Data dictionaries have been around for quite a long time. I have a book on analysis that was written in 1979 that covers them in great detail. Unfortunately, most of the techniques in that text focus on how to collate and manage the data rather than what data to include. There’s nothing quite like reading about how to organize your data dictionary using a card catalog file to make you realize how far we’ve come in terms of data management and organization.
The concept of a data dictionary is just as valid today as it was 27 years ago. A data dictionary is a model that allows you to look at the properties of all the data in your system in a very analytical and structured fashion.
To construct a data dictionary for your system, you first need to identify what the business objects are. This is really a very crucial step in the process. It is tempting for some users (and analysts) to think in terms of system objects and database tables, but that is not what you should be focusing on here. Instead, you should think about the real-world objects your system deals with.
For example, you might be working on a shipping management system. This system focuses on the tracking and routing of packages. Those packages are real-world objects that have tangible attributes such as weight, dimensions, recipient address, and return address. By focusing on these objects, you drive towards the real business requirements and not some predefined implementation concept.
To construct the table itself, you need three things for each business object – the attributes (phone number), the characteristics of each attribute (length of phone number), and the values of each characteristic (phone numbers must be at least 10 characters in length).

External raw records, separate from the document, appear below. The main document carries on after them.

(* Let $\mathcal{X}$ and $\mathcal{Y}$ be finite sets, $g:\mathcal{X}\times\mathcal{Y}\to\mathbb{R}_{>0}$ a strictly positive function, and $h:\mathcal{Y}\to\mathbb{R}_{\ge0}$ a non-negative function. Then, writing $X\sim p$ and $Y\sim q$ in all expectations, \[ \max_{q\in\Delta(\mathcal{Y})}\min_{x\in\mathcal{X}}\mathbb{E}\frac{g(x,Y)}{h(Y)} =\min_{p\in\Delta(\mathcal{X})}\max_{y\in\mathcal{Y}}\frac{\mathbb{E}\,g(X,y)}{h(y)} =\max_{q\in\Delta(\mathcal{Y})}\min_{p\in\Delta(\mathcal{X})}\frac{\mathbb{E}\,g(X,Y)}{\mathbb{E}\,h(Y)} =\min_{p\in\Delta(\mathcal{X})}\max_{q\in\Delta(\mathcal{Y})}\frac{\mathbb{E}\,g(X,Y)}{\mathbb{E}\,h(Y)}. \]
   Context: For a finite set $U$, $\Delta(U)$ denotes the set of all probability distributions on $U$; $X$ and $Y$ are independent. *)

theory Defs
  imports "HOL-Analysis.Analysis"
begin

definition prob_simplex :: "('a::finite \<Rightarrow> real) set" where
  "prob_simplex = {p. (\<forall>u. 0 \<le> p u) \<and> (\<Sum>u\<in>UNIV. p u) = 1}"

text \<open>Values in the extended reals: division by h y = 0 gives +infinity
  (numerators are positive), and 0 * infinity = 0.\<close>

definition E1 :: "('x::finite \<Rightarrow> 'y::finite \<Rightarrow> real) \<Rightarrow> ('y \<Rightarrow> real) \<Rightarrow> ('y \<Rightarrow> real) \<Rightarrow> 'x \<Rightarrow> ereal" where
  "E1 g h q x = (\<Sum>y\<in>UNIV. ereal (q y) * (ereal (g x y) / ereal (h y)))"

definition E2 :: "('x::finite \<Rightarrow> 'y::finite \<Rightarrow> real) \<Rightarrow> ('y \<Rightarrow> real) \<Rightarrow> ('x \<Rightarrow> real) \<Rightarrow> 'y \<Rightarrow> ereal" where
  "E2 g h p y = ereal (\<Sum>x\<in>UNIV. p x * g x y) / ereal (h y)"

definition R :: "('x::finite \<Rightarrow> 'y::finite \<Rightarrow> real) \<Rightarrow> ('y \<Rightarrow> real) \<Rightarrow> ('x \<Rightarrow> real) \<Rightarrow> ('y \<Rightarrow> real) \<Rightarrow> ereal" where
  "R g h p q = ereal (\<Sum>x\<in>UNIV. \<Sum>y\<in>UNIV. p x * q y * g x y) / ereal (\<Sum>y\<in>UNIV. q y * h y)"

definition is_max :: "ereal \<Rightarrow> ereal set \<Rightarrow> bool" where
  "is_max v S \<longleftrightarrow> v \<in> S \<and> (\<forall>s\<in>S. s \<le> v)"

definition is_min :: "ereal \<Rightarrow> ereal set \<Rightarrow> bool" where
  "is_min v S \<longleftrightarrow> v \<in> S \<and> (\<forall>s\<in>S. v \<le> s)"

end

theory Submission
  imports Defs
begin

text \<open>If h vanishes at some y0, the point mass at y0 makes all four quantities infinite.
  Otherwise put A x y = g x y / h y: the first two quantities are the lower and the upper value
  of the matrix game A, which agree by von Neumann's minimax theorem (a consequence of the
  separating hyperplane theorem). The ratio E g(X,Y) / E h(Y) is a monotone function of an
  average over p, and a ratio of two averages over q, so both of its inner extrema are attained
  at point masses. This identifies the fourth quantity with the second, and the third with the
  first after the change of measure q \<mapsto> q h / E h(Y), a bijection of the simplex.\<close>

lemma prob_simplexD:
  assumes "p \<in> prob_simplex"
  shows "0 \<le> p u" and "(\<Sum>u\<in>UNIV. p u) = 1"
  using assms unfolding prob_simplex_def by auto

lemma indicator_in_prob_simplex: "indicator {a} \<in> (prob_simplex :: ('a::finite \<Rightarrow> real) set)"
  unfolding prob_simplex_def by (simp add: indicator_def)

lemma sum_indicator_singleton_mult:
  fixes c :: "'a::finite \<Rightarrow> real"
  shows "(\<Sum>u\<in>UNIV. indicator {a} u * c u) = c a"
  by (simp add: indicator_times_eq_if sum.delta)

lemma prob_simplex_average_ge_Min:
  fixes c :: "'a::finite \<Rightarrow> real"
  assumes "p \<in> prob_simplex"
  shows "Min (range c) \<le> (\<Sum>x\<in>UNIV. p x * c x)"
proof -
  have "Min (range c) = (\<Sum>x\<in>UNIV. p x * Min (range c))"
    using prob_simplexD[OF assms] by (simp add: sum_distrib_right[symmetric])
  also have "\<dots> \<le> (\<Sum>x\<in>UNIV. p x * c x)"
    using prob_simplexD[OF assms] by (intro sum_mono mult_left_mono) auto
  finally show ?thesis .
qed

lemma prob_simplex_average_le_Max:
  fixes c :: "'a::finite \<Rightarrow> real"
  assumes "p \<in> prob_simplex"
  shows "(\<Sum>x\<in>UNIV. p x * c x) \<le> Max (range c)"
proof -
  have "(\<Sum>x\<in>UNIV. p x * c x) \<le> (\<Sum>x\<in>UNIV. p x * Max (range c))"
    using prob_simplexD[OF assms] by (intro sum_mono mult_left_mono) auto
  also have "\<dots> = Max (range c)"
    using prob_simplexD[OF assms] by (simp add: sum_distrib_right[symmetric])
  finally show ?thesis .
qed

lemma prob_simplex_average_pos:
  fixes c :: "'a::finite \<Rightarrow> real"
  assumes "p \<in> prob_simplex" and "\<And>x. 0 < c x"
  shows "0 < (\<Sum>x\<in>UNIV. p x * c x)"
proof -
  have "0 < Min (range c)" using assms(2) by (simp add: Min_gr_iff)
  then show ?thesis using prob_simplex_average_ge_Min[OF assms(1), of c] by linarith
qed

lemma sum_mixed_strategies_swap:
  fixes A :: "'x::finite \<Rightarrow> 'y::finite \<Rightarrow> real"
  shows "(\<Sum>x\<in>UNIV. p x * (\<Sum>y\<in>UNIV. q y * A x y)) = (\<Sum>y\<in>UNIV. q y * (\<Sum>x\<in>UNIV. p x * A x y))"
  unfolding sum_distrib_left by (subst sum.swap) (simp add: mult.left_commute)

lemma mixed_weak_duality:
  fixes A :: "'x::finite \<Rightarrow> 'y::finite \<Rightarrow> real"
  assumes "p \<in> prob_simplex" and "q \<in> prob_simplex"
  shows "Min (range (\<lambda>x. \<Sum>y\<in>UNIV. q y * A x y)) \<le> Max (range (\<lambda>y. \<Sum>x\<in>UNIV. p x * A x y))"
  using prob_simplex_average_ge_Min[OF assms(1), of "\<lambda>x. \<Sum>y\<in>UNIV. q y * A x y"]
    prob_simplex_average_le_Max[OF assms(2), of "\<lambda>y. \<Sum>x\<in>UNIV. p x * A x y"]
    sum_mixed_strategies_swap[of p q A]
  by linarith

lemma nonneg_if_ray_bounded_below:
  fixes a b c :: real
  assumes "\<And>t. 0 \<le> t \<Longrightarrow> b < c + t * a"
  shows "0 \<le> a"
proof (rule ccontr)
  assume "\<not> 0 \<le> a"
  define t where "t = max 0 ((c - b) / - a)"
  have "0 < - a" using \<open>\<not> 0 \<le> a\<close> by simp
  moreover have "(c - b) / - a \<le> t" unfolding t_def by simp
  ultimately have "c - b \<le> t * - a" using pos_divide_le_eq by blast
  moreover have "b < c + t * a" using assms by (simp add: t_def)
  ultimately show False by simp
qed

lemma upper_orthant_separation:
  fixes K :: "(real^'n) set"
  assumes "convex K" "compact K" "K \<noteq> {}" and below: "\<forall>z\<in>K. \<exists>i. z$i < v"
  shows "\<exists>p\<in>prob_simplex. \<forall>z\<in>K. (\<Sum>i\<in>UNIV. p i * z$i) < v"
proof -
  define C :: "(real^'n) set" where "C = {z. \<forall>i. v \<le> z$i}"
  have "C = (\<Inter>i. {z. inner (axis i 1) z \<ge> v})"
    by (auto simp: C_def cart_eq_inner_axis inner_commute)
  then have "convex C" by (simp add: convex_INT convex_halfspace_ge)
  moreover have "closed C" unfolding C_def
    by (intro closed_Collect_all closed_Collect_le continuous_intros)
  moreover have "K \<inter> C = {}"
    unfolding C_def disjoint_iff using below by (metis mem_Collect_eq not_le)
  ultimately obtain a b where sep_K: "\<forall>z\<in>K. inner a z < b" and sep_C: "\<forall>z\<in>C. b < inner a z"
    using separating_hyperplane_compact_closed[of K C] assms(1-3) by blast
  have inner_eq: "inner a z = (\<Sum>i\<in>UNIV. a$i * z$i)" for z
    by (simp add: inner_vec_def)
  define s where "s = (\<Sum>i\<in>UNIV. a$i)"
  \<comment> \<open>C is unbounded upwards in every coordinate, so the normal a is nonnegative;
    normalised, it is the required p.\<close>
  have ray: "b < s * v + t * a$i" if "0 \<le> t" for i t
  proof -
    have "(\<chi> j. v) + t *\<^sub>R axis i 1 \<in> C" unfolding C_def using that by (simp add: axis_def)
    moreover have "inner a ((\<chi> j. v) + t *\<^sub>R axis i 1) = s * v + t * a$i"
      by (simp add: inner_add_right inner_axis inner_eq s_def sum_distrib_right)
    ultimately show ?thesis using sep_C by fastforce
  qed
  have a_nonneg: "0 \<le> a$i" for i
    using ray by (rule nonneg_if_ray_bounded_below)
  obtain z0 where "z0 \<in> K" using assms(3) by blast
  have "s \<noteq> 0"
  proof
    assume "s = 0"
    then have "a = 0" using a_nonneg unfolding s_def by (simp add: sum_nonneg_eq_0_iff vec_eq_iff)
    then show False using sep_K ray[of 0] \<open>z0 \<in> K\<close> \<open>s = 0\<close> by force
  qed
  then have "0 < s" using a_nonneg unfolding s_def by (simp add: sum_nonneg order_le_neq_trans)
  define p where "p i = a$i / s" for i
  have "p \<in> prob_simplex" unfolding prob_simplex_def p_def
    using a_nonneg \<open>0 < s\<close> by (simp add: sum_divide_distrib[symmetric] s_def)
  moreover have "(\<Sum>i\<in>UNIV. p i * z$i) < v" if "z \<in> K" for z
  proof -
    have "(\<Sum>i\<in>UNIV. a$i * z$i) < s * v" using sep_K ray[of 0] that by (force simp: inner_eq)
    then show ?thesis using \<open>0 < s\<close>
      by (simp add: p_def sum_divide_distrib[symmetric] pos_divide_less_eq mult.commute)
  qed
  ultimately show ?thesis by blast
qed

lemma convex_mixed_columns:
  fixes A :: "'x::finite \<Rightarrow> 'y::finite \<Rightarrow> real"
  shows "convex ((\<lambda>q. \<chi> x. \<Sum>y\<in>UNIV. q y * A x y) ` prob_simplex)"
proof (rule convexI)
  fix a b :: "real^'x" and u w :: real
  assume "a \<in> (\<lambda>q. \<chi> x. \<Sum>y\<in>UNIV. q y * A x y) ` prob_simplex"
    and "b \<in> (\<lambda>q. \<chi> x. \<Sum>y\<in>UNIV. q y * A x y) ` prob_simplex"
    and uw: "0 \<le> u" "0 \<le> w" "u + w = 1"
  then obtain qa qb where qa: "qa \<in> prob_simplex" "a = (\<chi> x. \<Sum>y\<in>UNIV. qa y * A x y)"
    and qb: "qb \<in> prob_simplex" "b = (\<chi> x. \<Sum>y\<in>UNIV. qb y * A x y)" by blast
  define q where "q y = u * qa y + w * qb y" for y
  have "q \<in> prob_simplex" using qa qb uw
    unfolding prob_simplex_def q_def by (simp add: sum.distrib sum_distrib_left[symmetric])
  moreover have "u *\<^sub>R a + w *\<^sub>R b = (\<chi> x. \<Sum>y\<in>UNIV. q y * A x y)"
    unfolding qa qb q_def by (simp add: vec_eq_iff sum_distrib_left sum.distrib algebra_simps)
  ultimately show "u *\<^sub>R a + w *\<^sub>R b \<in> (\<lambda>q. \<chi> x. \<Sum>y\<in>UNIV. q y * A x y) ` prob_simplex"
    by blast
qed

lemma mixed_strategy_alternative:
  fixes A :: "'x::finite \<Rightarrow> 'y::finite \<Rightarrow> real"
  assumes "\<forall>p\<in>prob_simplex. \<exists>y. v \<le> (\<Sum>x\<in>UNIV. p x * A x y)"
  shows "\<exists>q\<in>prob_simplex. \<forall>x. v \<le> (\<Sum>y\<in>UNIV. q y * A x y)"
proof (rule ccontr)
  assume no_q: "\<not> ?thesis"
  define column :: "'y \<Rightarrow> real^'x" where "column y = (\<chi> x. A x y)" for y
  define K where "K = convex hull (range column)"
  have "column y = (\<chi> x. \<Sum>y'\<in>UNIV. indicator {y} y' * A x y')" for y
    by (simp add: column_def sum_indicator_singleton_mult)
  then have "range column \<subseteq> (\<lambda>q. \<chi> x. \<Sum>y\<in>UNIV. q y * A x y) ` prob_simplex"
    using indicator_in_prob_simplex by blast
  then have "K \<subseteq> (\<lambda>q. \<chi> x. \<Sum>y\<in>UNIV. q y * A x y) ` prob_simplex"
    unfolding K_def using convex_mixed_columns by (rule hull_minimal)
  then have "\<forall>z\<in>K. \<exists>x. z$x < v" using no_q by (fastforce simp: not_le)
  moreover have "convex K" "compact K" "K \<noteq> {}"
    unfolding K_def by (auto simp: finite_imp_compact_convex_hull)
  ultimately obtain p where "p \<in> prob_simplex" and "\<forall>z\<in>K. (\<Sum>x\<in>UNIV. p x * z$x) < v"
    using upper_orthant_separation by blast
  moreover obtain y where "v \<le> (\<Sum>x\<in>UNIV. p x * A x y)"
    using assms \<open>p \<in> prob_simplex\<close> by blast
  moreover have "column y \<in> K" unfolding K_def by (simp add: hull_inc)
  ultimately show False by (fastforce simp: column_def)
qed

This step is where the value in producing a model becomes clear. It takes some extra time to sit down and think of all of the characteristics you want to specify for each attribute, but the payoff is that once you have these defined for one object, you can quickly fill out the values without having to worry about each individual attribute. You can also use the characteristics for one object as a starting point for the other business objects. For example, my business users have told me that the number of decimal places of each weight value tracked by the system is very important for monitoring and reporting. It stands to reason that other objects and attributes might require the same level of specification. If you figure it out once, you can use it in many places.
Why use these tables? It all goes back to the idea of structure. Without the table, you aren’t thinking in terms of objects, attributes, characteristics, and values. Everything is ad-hoc and that can lead to gaps and mistakes.
Would I use these on every project? No way. This kind of information is way too detailed for many applications. When your system is very data driven, however, a thorough analysis of data properties can lead you to many hard-to-find requirements.